Dataset entries
■ ■ ■

(* Let $L\subset L(p,1)$ be a framed oriented link with diagram $D$ as in the setup, and let $R(D)$ be its augmented fundamental rack with the presentation $[\{x_1,\dots,x_{m+d}\},\{a\}:\{\text{crossing relations},\ x_i^a=x_{m+i}\ (1\le i\le d)\},\{a^p\equiv x_d^{\epsilon_d}\cdots x_1^{\epsilon_1}\}]$ if $d>0$, resp. $[\{x_1,\dots,x_m\},\{a\}:\{\text{crossing relations}\},\{a^p\equiv1\}]$ if $d=0$. Define $A\colon R(D)\to R(D)$ by $A(x)=x^a$ and $F\colon R(D)\to R(D)$ by $F(x)=x\triangleright x_d^{\epsilon_d}\triangleright\cdots\triangleright x_1^{\epsilon_1}$ if $d>0$ and $F(x)=x$ if $d=0$. Then $A$ and $F$ are rack automorphisms of $R(D)$ (bijections satisfying $\phi(x\triangleright y)=\phi(x)\triangleright\phi(y)$), and $A^p=F$.
   Context: A rack is a nonempty set with a binary operation $\triangleright$ such that (R1) for all $x,y$ there is a unique $z$ with $z\triangleright y=x$, and (R2) $(x\triangleright y)\triangleright z=(x\triangleright z)\triangleright(y\triangleright z)$. Write $t\triangleright\overline y$ for the unique $z$ with $z\triangleright y=t$, and $t\triangleright y^{1}=t\triangleright y$, $t\triangleright y^{-1}=t\triangleright\overline y$; iterated expressions $t\triangleright y_1\triangleright\cdots\triangleright y_r$ are parenthesized from the left. Racks given by presentations $[S_P,S_O:R_P,R_O]$ are quotients of the extended free rack $FR(S_P,S_O)$ (underlying set $S_P\times F(S_P\cup S_O)$, elements $s^w$, group $F(S_P\cup S_O)$ acting by right multiplication on exponents, $s^w\triangleright c^z=s^{wz^{-1}cz}$) by the smallest congruence identifying $x\sim y$ and $z\triangleright x\sim z\triangleright y$ for primary relations $x=y$, and $z^u\sim z^v$ for operator relations $u\equiv v$; the operator group acts on itself by conjugation. Setup: $L(p,1)$ is $p$-surgery on an unknot $U\subset S^3$ drawn with $p$ positive kinks; the diagram $D$ of $L\cup U$ has $d\ge 0$ strands of $L$ passing through the disk bounded by $U$, $m$ crossings with both strands in $L$, arcs of $L$ labelled $x_1,\dots,x_{m+d}$ where for $i\le d$ the arc $x_i$ becomes $x_{m+i}$ upon passing under the arc $a$ of $U$; $\epsilon_i\in\{\pm1\}$ is $1$ if $x_i$ follows $x_{m+i}$ in the orientation of $L$ and $-1$ otherwise; crossing relations are $x_i\triangleright x_j=x_l$ for over-arc $x_j$, under-arc $x_i$ on its right and $x_l$ on its left. *)

theory Defs
  imports Main
begin

text \<open>Generators of the free group F(S_P \<union> S_O): primary generators x_i (indexed by
  natural numbers) and the single operator generator a.\<close>
datatype gen = PGen nat | OpA

text \<open>A letter is a generator with a sign (True = exponent +1, False = exponent -1);
  words represent elements of the free group (modulo free reduction, which is part
  of the congruence below).\<close>
type_synonym letter = "gen \<times> bool"
type_synonym word = "letter list"

text \<open>Element s^w of the extended free rack FR(S_P,S_O): pair (s, w).\<close>
type_synonym fr_elt = "nat \<times> word"

definition inv_word :: "word \<Rightarrow> word" where
  "inv_word w = rev (map (\<lambda>(g,b). (g, \<not> b)) w)"

definition fr_act :: "fr_elt \<Rightarrow> word \<Rightarrow> fr_elt" where
  "fr_act x g = (fst x, snd x @ g)"

text \<open>s^w \<triangleright> c^z = s^(w z^-1 c z)\<close>
definition fr_op :: "fr_elt \<Rightarrow> fr_elt \<Rightarrow> fr_elt" where
  "fr_op x y = (fst x, snd x @ inv_word (snd y) @ [(PGen (fst y), True)] @ snd y)"

definition fr_opinv :: "fr_elt \<Rightarrow> fr_elt \<Rightarrow> fr_elt" where
  "fr_opinv x y = (fst x, snd x @ inv_word (snd y) @ [(PGen (fst y), False)] @ snd y)"

fun letter_ok :: "nat \<Rightarrow> letter \<Rightarrow> bool" where
  "letter_ok n (PGen j, b) = (1 \<le> j \<and> j \<le> n)"
| "letter_ok n (OpA, b) = True"

definition word_ok :: "nat \<Rightarrow> word \<Rightarrow> bool" where
  "word_ok n w = (\<forall>l\<in>set w. letter_ok n l)"

definition FRc :: "nat \<Rightarrow> fr_elt set" where
  "FRc n = {(s,w). 1 \<le> s \<and> s \<le> n \<and> word_ok n w}"

text \<open>The smallest congruence on FR({x_1..x_n},{a}) generated by the primary relations P
  and the operator relations Q (as in Fenn--Rourke: compatible with both rack
  operations and with the action of the free group; includes free reduction of exponents).\<close>
inductive_set pres_rel :: "nat \<Rightarrow> (fr_elt \<times> fr_elt) set \<Rightarrow> (word \<times> word) set
     \<Rightarrow> (fr_elt \<times> fr_elt) set"
  for n :: nat and P :: "(fr_elt \<times> fr_elt) set" and Q :: "(word \<times> word) set" where
  refl: "x \<in> FRc n \<Longrightarrow> (x, x) \<in> pres_rel n P Q"
| sym: "(x, y) \<in> pres_rel n P Q \<Longrightarrow> (y, x) \<in> pres_rel n P Q"
| trans: "(x, y) \<in> pres_rel n P Q \<Longrightarrow> (y, z) \<in> pres_rel n P Q \<Longrightarrow> (x, z) \<in> pres_rel n P Q"
| freered: "(s, w1 @ [(g, b), (g, \<not> b)] @ w2) \<in> FRc n \<Longrightarrow>
      ((s, w1 @ [(g, b), (g, \<not> b)] @ w2), (s, w1 @ w2)) \<in> pres_rel n P Q"
| prim: "(x, y) \<in> P \<Longrightarrow> x \<in> FRc n \<Longrightarrow> y \<in> FRc n \<Longrightarrow> (x, y) \<in> pres_rel n P Q"
| oper: "z \<in> FRc n \<Longrightarrow> (u, v) \<in> Q \<Longrightarrow> word_ok n u \<Longrightarrow> word_ok n v \<Longrightarrow>
      (fr_act z u, fr_act z v) \<in> pres_rel n P Q"
| op_left: "(x, y) \<in> pres_rel n P Q \<Longrightarrow> z \<in> FRc n \<Longrightarrow>
      (fr_op x z, fr_op y z) \<in> pres_rel n P Q"
| op_right: "(x, y) \<in> pres_rel n P Q \<Longrightarrow> z \<in> FRc n \<Longrightarrow>
      (fr_op z x, fr_op z y) \<in> pres_rel n P Q"
| opinv_left: "(x, y) \<in> pres_rel n P Q \<Longrightarrow> z \<in> FRc n \<Longrightarrow>
      (fr_opinv x z, fr_opinv y z) \<in> pres_rel n P Q"
| opinv_right: "(x, y) \<in> pres_rel n P Q \<Longrightarrow> z \<in> FRc n \<Longrightarrow>
      (fr_opinv z x, fr_opinv z y) \<in> pres_rel n P Q"
| act: "(x, y) \<in> pres_rel n P Q \<Longrightarrow> letter_ok n l \<Longrightarrow>
      (fr_act x [l], fr_act y [l]) \<in> pres_rel n P Q"

text \<open>Primary relations: crossing relations x_i \<triangleright> x_j = x_l for (i,j,l) \<in> C,
  and x_i^a = x_{m+i} for 1 \<le> i \<le> d.  (Generator x_k is the element (k, []).)\<close>
definition RD_prim :: "nat \<Rightarrow> nat \<Rightarrow> (nat \<times> nat \<times> nat) set \<Rightarrow> (fr_elt \<times> fr_elt) set" where
  "RD_prim m d C =
     {(fr_op (i, []) (j, []), (l, [])) | i j l. (i, j, l) \<in> C}
   \<union> {(fr_act (i, []) [(OpA, True)], (m + i, [])) | i. 1 \<le> i \<and> i \<le> d}"

definition eps_word :: "nat \<Rightarrow> (nat \<Rightarrow> int) \<Rightarrow> word" where
  "eps_word d eps = map (\<lambda>i. (PGen i, eps i = 1)) (rev [1..<d+1])"

definition RD_oper :: "nat \<Rightarrow> nat \<Rightarrow> (nat \<Rightarrow> int) \<Rightarrow> (word \<times> word) set" where
  "RD_oper p d eps = {(replicate p (OpA, True), eps_word d eps)}"

definition RD_rel :: "nat \<Rightarrow> nat \<Rightarrow> nat \<Rightarrow> (nat \<times> nat \<times> nat) set \<Rightarrow> (nat \<Rightarrow> int)
    \<Rightarrow> (fr_elt \<times> fr_elt) set" where
  "RD_rel p m d C eps = pres_rel (m + d) (RD_prim m d C) (RD_oper p d eps)"

definition A_map :: "fr_elt \<Rightarrow> fr_elt" where
  "A_map x = fr_act x [(OpA, True)]"

definition F_map :: "nat \<Rightarrow> (nat \<Rightarrow> int) \<Rightarrow> fr_elt \<Rightarrow> fr_elt" where
  "F_map d eps x =
     foldl (\<lambda>y i. if eps i = 1 then fr_op y (i, []) else fr_opinv y (i, [])) x (rev [1..<d+1])"

text \<open>f induces a rack automorphism of the quotient K / R (R an equivalence relation
  on K, op the rack operation on representatives): f is well defined on classes,
  preserves the operation, and the induced map on classes is bijective.\<close>
definition induces_rack_aut ::
  "'a set \<Rightarrow> ('a \<times> 'a) set \<Rightarrow> ('a \<Rightarrow> 'a \<Rightarrow> 'a) \<Rightarrow> ('a \<Rightarrow> 'a) \<Rightarrow> bool" where
  "induces_rack_aut K R op f \<longleftrightarrow>
     (\<forall>x\<in>K. f x \<in> K)
   \<and> (\<forall>x y. (x, y) \<in> R \<longrightarrow> (f x, f y) \<in> R)
   \<and> (\<forall>x\<in>K. \<forall>y\<in>K. (f (op x y), op (f x) (f y)) \<in> R)
   \<and> (\<forall>x\<in>K. \<forall>y\<in>K. (f x, f y) \<in> R \<longrightarrow> (x, y) \<in> R)
   \<and> (\<forall>y\<in>K. \<exists>x\<in>K. (f x, y) \<in> R)"

end

theory Submission
  imports Defs
begin

text \<open>Both A and F are right multiplication of exponents by a fixed word (a, resp.
  x_d^{eps_d} ... x_1^{eps_1}).  Right multiplication by any word u respects the congruence,
  and it respects the rack operation because the exponent of the right operand enters
  only in the conjugated form z^-1 c z, so the inserted u u^-1 freely cancels; right
  multiplication by u^-1 inverts it up to free reduction.  Finally A^p multiplies by a^p,
  which is identified with the word of F by the operator relation.\<close>

lemma letter_ok_change_sign: "letter_ok n (g, b) = letter_ok n (g, c)"
  by (cases g) auto

lemma inv_word_Nil [simp]: "inv_word [] = []"
  by (simp add: inv_word_def)

lemma inv_word_Cons [simp]: "inv_word ((g, b) # u) = inv_word u @ [(g, \<not> b)]"
  by (simp add: inv_word_def)

lemma inv_word_inv_word [simp]: "inv_word (inv_word u) = u"
  by (simp add: inv_word_def rev_map comp_def case_prod_unfold)

lemma word_ok_Nil [simp]: "word_ok n []"
  by (simp add: word_ok_def)

lemma word_ok_Cons [simp]: "word_ok n (l # v) \<longleftrightarrow> letter_ok n l \<and> word_ok n v"
  by (simp add: word_ok_def)

lemma word_ok_append [simp]: "word_ok n (u @ v) \<longleftrightarrow> word_ok n u \<and> word_ok n v"
  by (auto simp: word_ok_def)

lemma word_ok_inv_word [simp]: "word_ok n (inv_word u) = word_ok n u"
proof (induction u)
  case (Cons l u)
  then show ?case
    by (cases l) (metis inv_word_Cons letter_ok_change_sign word_ok_Cons word_ok_Nil word_ok_append)
qed simp

lemma fr_act_fr_act [simp]: "fr_act (fr_act x u) v = fr_act x (u @ v)"
  by (simp add: fr_act_def)

lemma fr_act_in_FRc: "x \<in> FRc n \<Longrightarrow> word_ok n u \<Longrightarrow> fr_act x u \<in> FRc n"
  by (auto simp: FRc_def fr_act_def)

lemma pres_rel_cancel_inv_word:
  "(s, w1 @ u @ inv_word u @ w2) \<in> FRc n \<Longrightarrow>
   ((s, w1 @ u @ inv_word u @ w2), (s, w1 @ w2)) \<in> pres_rel n P Q"
proof (induction u arbitrary: w1 w2)
  case Nil
  then show ?case by (simp add: pres_rel.refl)
next
  case (Cons l u)
  obtain g b where l: "l = (g, b)" by (cases l)
  have "((s, (w1 @ [l]) @ u @ inv_word u @ ([(g, \<not> b)] @ w2)),
         (s, (w1 @ [l]) @ [(g, \<not> b)] @ w2)) \<in> pres_rel n P Q"
    using Cons.IH[of "w1 @ [l]" "[(g, \<not> b)] @ w2"] Cons.prems by (simp add: l)
  moreover have "(s, w1 @ [(g, b), (g, \<not> b)] @ w2) \<in> FRc n"
    using Cons.prems by (auto simp: FRc_def l letter_ok_change_sign[of n g b "\<not> b"])
  ultimately show ?case
    using pres_rel.trans pres_rel.freered by (fastforce simp: l)
qed

lemma pres_rel_fr_act_inv_word:
  assumes "x \<in> FRc n" and "word_ok n u"
  shows "(fr_act x (u @ inv_word u), x) \<in> pres_rel n P Q"
  using assms pres_rel_cancel_inv_word[of "fst x" "snd x" u "[]" n P Q]
  by (simp add: fr_act_def FRc_def case_prod_unfold)

lemma pres_rel_fr_act:
  "(x, y) \<in> pres_rel n P Q \<Longrightarrow> word_ok n u \<Longrightarrow> (fr_act x u, fr_act y u) \<in> pres_rel n P Q"
proof (induction u rule: rev_induct)
  case Nil
  then show ?case by (simp add: fr_act_def)
next
  case (snoc l u)
  then have "(fr_act (fr_act x u) [l], fr_act (fr_act y u) [l]) \<in> pres_rel n P Q"
    by (intro pres_rel.act) auto
  then show ?case by simp
qed

lemma pres_rel_fr_act_fr_op:
  assumes "x \<in> FRc n" and "y \<in> FRc n" and "word_ok n u"
  shows "(fr_act (fr_op x y) u, fr_op (fr_act x u) (fr_act y u)) \<in> pres_rel n P Q"
proof -
  obtain s w t z where xy: "x = (s, w)" "y = (t, z)" by fastforce
  let ?conj = "inv_word z @ [(PGen t, True)] @ z @ u"
  have "fr_op (fr_act x u) (fr_act y u) = (s, w @ u @ inv_word u @ ?conj)"
    by (simp add: xy fr_op_def fr_act_def inv_word_def)
  moreover have "fr_act (fr_op x y) u = (s, w @ ?conj)"
    by (simp add: xy fr_op_def fr_act_def)
  moreover have "(s, w @ u @ inv_word u @ ?conj) \<in> FRc n"
    using assms by (auto simp: FRc_def xy)
  ultimately show ?thesis
    using pres_rel_cancel_inv_word pres_rel.sym by metis
qed

lemma induces_rack_aut_fr_act:
  assumes u: "word_ok n u"
  shows "induces_rack_aut (FRc n) (pres_rel n P Q) fr_op (\<lambda>x. fr_act x u)"
  unfolding induces_rack_aut_def
proof (intro conjI ballI allI impI)
  fix x y
  assume x: "x \<in> FRc n" and y: "y \<in> FRc n"
    and "(fr_act x u, fr_act y u) \<in> pres_rel n P Q"
  then have "(fr_act x (u @ inv_word u), fr_act y (u @ inv_word u)) \<in> pres_rel n P Q"
    using pres_rel_fr_act[of _ _ n P Q "inv_word u"] u by fastforce
  then show "(x, y) \<in> pres_rel n P Q"
    using pres_rel_fr_act_inv_word[OF x u] pres_rel_fr_act_inv_word[OF y u]
    by (meson pres_rel.sym pres_rel.trans)
next
  fix y
  assume y: "y \<in> FRc n"
  have "(fr_act (fr_act y (inv_word u)) u, y) \<in> pres_rel n P Q"
    using pres_rel_fr_act_inv_word[OF y, of "inv_word u"] u by simp
  then show "\<exists>x\<in>FRc n. (fr_act x u, y) \<in> pres_rel n P Q"
    using y u by (intro bexI[of _ "fr_act y (inv_word u)"]) (auto intro: fr_act_in_FRc)
qed (use u in \<open>auto intro: fr_act_in_FRc pres_rel_fr_act pres_rel_fr_act_fr_op\<close>)

lemma A_map_eq_fr_act: "A_map = (\<lambda>x. fr_act x [(OpA, True)])"
  by (simp add: A_map_def fun_eq_iff)

lemma funpow_A_map: "(A_map ^^ k) x = fr_act x (replicate k (OpA, True))"
  by (induction k) (auto simp: A_map_def fr_act_def replicate_append_same[symmetric])

lemma F_map_eq_fr_act: "F_map d eps = (\<lambda>x. fr_act x (eps_word d eps))"
proof -
  have "foldl (\<lambda>y i. if eps i = 1 then fr_op y (i, []) else fr_opinv y (i, [])) x ns
        = fr_act x (map (\<lambda>i. (PGen i, eps i = 1)) ns)" for x ns
    by (induction ns arbitrary: x) (auto simp: fr_op_def fr_opinv_def fr_act_def)
  then show ?thesis
    by (simp add: fun_eq_iff F_map_def eps_word_def)
qed

lemma word_ok_eps_word: "word_ok (m + d) (eps_word d eps)"
  by (auto simp: eps_word_def word_ok_def)

theorem lemma2:
  fixes p m d :: nat and C :: "(nat \<times> nat \<times> nat) set" and eps :: "nat \<Rightarrow> int"
  assumes "p \<ge> 1"
    and "\<forall>(i, j, l) \<in> C. i \<in> {1..m+d} \<and> j \<in> {1..m+d} \<and> l \<in> {1..m+d}"
    and "\<forall>i\<in>{1..d}. eps i = 1 \<or> eps i = -1"
  shows "induces_rack_aut (FRc (m + d)) (RD_rel p m d C eps) fr_op A_map
       \<and> induces_rack_aut (FRc (m + d)) (RD_rel p m d C eps) fr_op (F_map d eps)
       \<and> (\<forall>x\<in>FRc (m + d). ((A_map ^^ p) x, F_map d eps x) \<in> RD_rel p m d C eps)"
proof (intro conjI ballI)
  show "induces_rack_aut (FRc (m + d)) (RD_rel p m d C eps) fr_op A_map"
    unfolding RD_rel_def A_map_eq_fr_act by (rule induces_rack_aut_fr_act) simp
  show "induces_rack_aut (FRc (m + d)) (RD_rel p m d C eps) fr_op (F_map d eps)"
    unfolding RD_rel_def F_map_eq_fr_act by (rule induces_rack_aut_fr_act[OF word_ok_eps_word])
  fix x
  assume "x \<in> FRc (m + d)"
  then show "((A_map ^^ p) x, F_map d eps x) \<in> RD_rel p m d C eps"
    unfolding RD_rel_def F_map_eq_fr_act funpow_A_map
    by (rule pres_rel.oper) (auto simp: RD_oper_def word_ok_eps_word, auto simp: word_ok_def)
qed

end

■ ■ ■

Task requirements
Lines with the word "fastforce": copy each one from the data above.

Written answer
    using pres_rel.trans pres_rel.freered by (fastforce simp: l)
  obtain s w t z where xy: "x = (s, w)" "y = (t, z)" by fastforce
    using pres_rel_fr_act[of _ _ n P Q "inv_word u"] u by fastforce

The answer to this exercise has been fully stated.